Do there exist positive integers $b,n>1$ such that when $n$ is expressed in base $b$, there are more than $n$ distinct permutations of its digits? For example, when $b=4$ and $n=18$, $18 = 102_4$, but $102$ only has $6$ digit arrangements. (Leading zeros are allowed in the permutations.) Lewis Chen.
Problem
Source: ELMO Shortlist 2012, N4
Tags: factorial, number theory proposed, number theory
hyperbolictangent
06.07.2012 02:55
Suppose there existed such a pair $n, b$, and let $r$ be the number of digits in the base $b$ representation of $n$, so that $b^{r - 1} \le n < b^r$. For each of the $b$ possible digits $i$ in base $b$, let $a_i$ denote the number of $i$'s in the representation of $n$. Then the number of permutations of digits in base $b$ is given by \[\frac{(a_0 + a_1 + \dots a_{b - 1})!}{(a_0!)(a_1!)\dots(a_{b - 1}!)} = \frac{r!}{(a_0!)(a_1!)\dots(a_{b - 1}!)}\]

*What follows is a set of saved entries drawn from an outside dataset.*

(* Let $d,N\ge1$, $\epsilon\in(0,1]$, $\delta\in[0,1]$, $\beta\in(0,1/2]$ with $N\ge d\ln(2d/\beta)$, and let $k=\max\{1,\min\{d,\lfloor\epsilon/2.17\rfloor\}\}$. Let $x(1),\dots,x(N)\in[-1,1]^d$ and let $x^*(i)$ be obtained by applying Algorithm 3 (parameters $\epsilon,\delta,k$) independently to each $x(i)$. For $j\in\{1,\dots,d\}$ put $Z_j=\frac1N\sum_{i=1}^Nx^*_j(i)$ and $X_j=\frac1N\sum_{i=1}^Nx_j(i)$. Then with probability at least $1-\beta$, $$\max_{j\in\{1,\dots,d\}}|Z_j-X_j|=O\!\left(\frac{\sqrt{d\log(d/\beta)}}{(\epsilon+2\delta)\sqrt N}\right),$$ where the implied constant is absolute.
   Context: Algorithm 2 with parameters $\epsilon'>0,\delta'\in[0,1]$: let $B_1=\frac{e^{\epsilon'}+1}{e^{\epsilon'}+2\delta'-1}$; on input $y\in[-1,1]$ it outputs $B_1$ with probability $\frac{e^{\epsilon'}+2\delta'-1}{2(e^{\epsilon'}+1)}y+\frac12$ and $-B_1$ otherwise. Algorithm 3 with parameters $\epsilon>0$, $\delta\ge0$ and $k\in\{1,\dots,d\}$: on input $x\in[-1,1]^d$, set $x^*=(0,\dots,0)$, choose a uniformly random $k$-element subset $S\subseteq\{1,\dots,d\}$, and for each $j\in S$ apply Algorithm 2 with parameters $\epsilon/k,\delta/k$ to $x_j$ to obtain $\bar x_j$ (independently over $j$) and set $x^*_j=\frac dk\bar x_j$; output $x^*$. *)

theory Defs
  imports "HOL-Probability.Probability"
begin

definition alg2_B :: "real \<Rightarrow> real \<Rightarrow> real" where
  "alg2_B eps' del' = (exp eps' + 1) / (exp eps' + 2 * del' - 1)"

definition alg2 :: "real \<Rightarrow> real \<Rightarrow> real \<Rightarrow> real pmf" where
  "alg2 eps' del' y =
     map_pmf (\<lambda>b. if b then alg2_B eps' del' else - alg2_B eps' del')
       (bernoulli_pmf ((exp eps' + 2 * del' - 1) / (2 * (exp eps' + 1)) * y + 1 / 2))"

text \<open>Algorithm 3 on x in [-1,1]^d; coordinates are indexed by {1..d}, and the
  output vector is 0 outside the sampled k-subset S (and outside {1..d}).\<close>
definition alg3 :: "real \<Rightarrow> real \<Rightarrow> nat \<Rightarrow> nat \<Rightarrow> (nat \<Rightarrow> real) \<Rightarrow> (nat \<Rightarrow> real) pmf" where
  "alg3 eps del k d x =
     do {
       S \<leftarrow> pmf_of_set {S. S \<subseteq> {1..d} \<and> card S = k};
       xbar \<leftarrow> Pi_pmf S 0 (\<lambda>j. alg2 (eps / real k) (del / real k) (x j));
       return_pmf (\<lambda>j. if j \<in> S then real d / real k * xbar j else 0)
     }"

definition kpar :: "nat \<Rightarrow> real \<Rightarrow> nat" where
  "kpar d eps = max 1 (min d (nat \<lfloor>eps / 2.17\<rfloor>))"

definition alg3_all :: "real \<Rightarrow> real \<Rightarrow> nat \<Rightarrow> nat \<Rightarrow> (nat \<Rightarrow> nat \<Rightarrow> real) \<Rightarrow> (nat \<Rightarrow> nat \<Rightarrow> real) pmf" where
  "alg3_all eps del d N x = Pi_pmf {1..N} (\<lambda>_. 0) (\<lambda>i. alg3 eps del (kpar d eps) d (x i))"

where \[\sum{a_i} = r\] For a fixed $r$ the number of permutations of digits is maximized when the factorial product in the denominator is minimized. If some $a_i, a_j$ satisfy $a_i - a_j \ge 2$, we can replace them with $a_i - 1$ and $a_j + 1$, respectively, and decrease the product. So no two $a_i$ may differ by more than $1$.
Let $r = pb + q$. Then the number of permutations of digits is at most \[\frac{r!}{p!^{(b - q)}(p + 1)!^q} = \] \[\Bigg( \frac{(pb + q)(pb + q - 1)\dots(pb + 1)}{(p + 1)^q} \Bigg) \Bigg(\frac{(pb)!}{(p!)^b}\Bigg) \le \] \[ (b^q)\prod_{k = 1}^{p}{\Bigg(\frac{(kb)(kb - 1)\dots((k - 1)b + 1)}{k^b} \Bigg) = }\] \[(b^q)(b!)\prod_{k = 2}^{p}{\Bigg(\frac{(kb)(kb - 1)\dots((k - 1)b + 1)}{k^b} \Bigg) \le }\] \[(b^q)(b!)(b^b)^{p - 1} \le\] \[(b^q)(b^{b - 1})(b^{b(p - 1)}) \le \] \[b^{bp + q - 1} \le n\] contradiction. Hence there exist no such $b, n$. The closest we can ever get is when the number of permutations equals $n$ - in this case take $b = n = 2$.
FinalSix
01.09.2013 17:16
Good problem,but I think it's not about number theroy.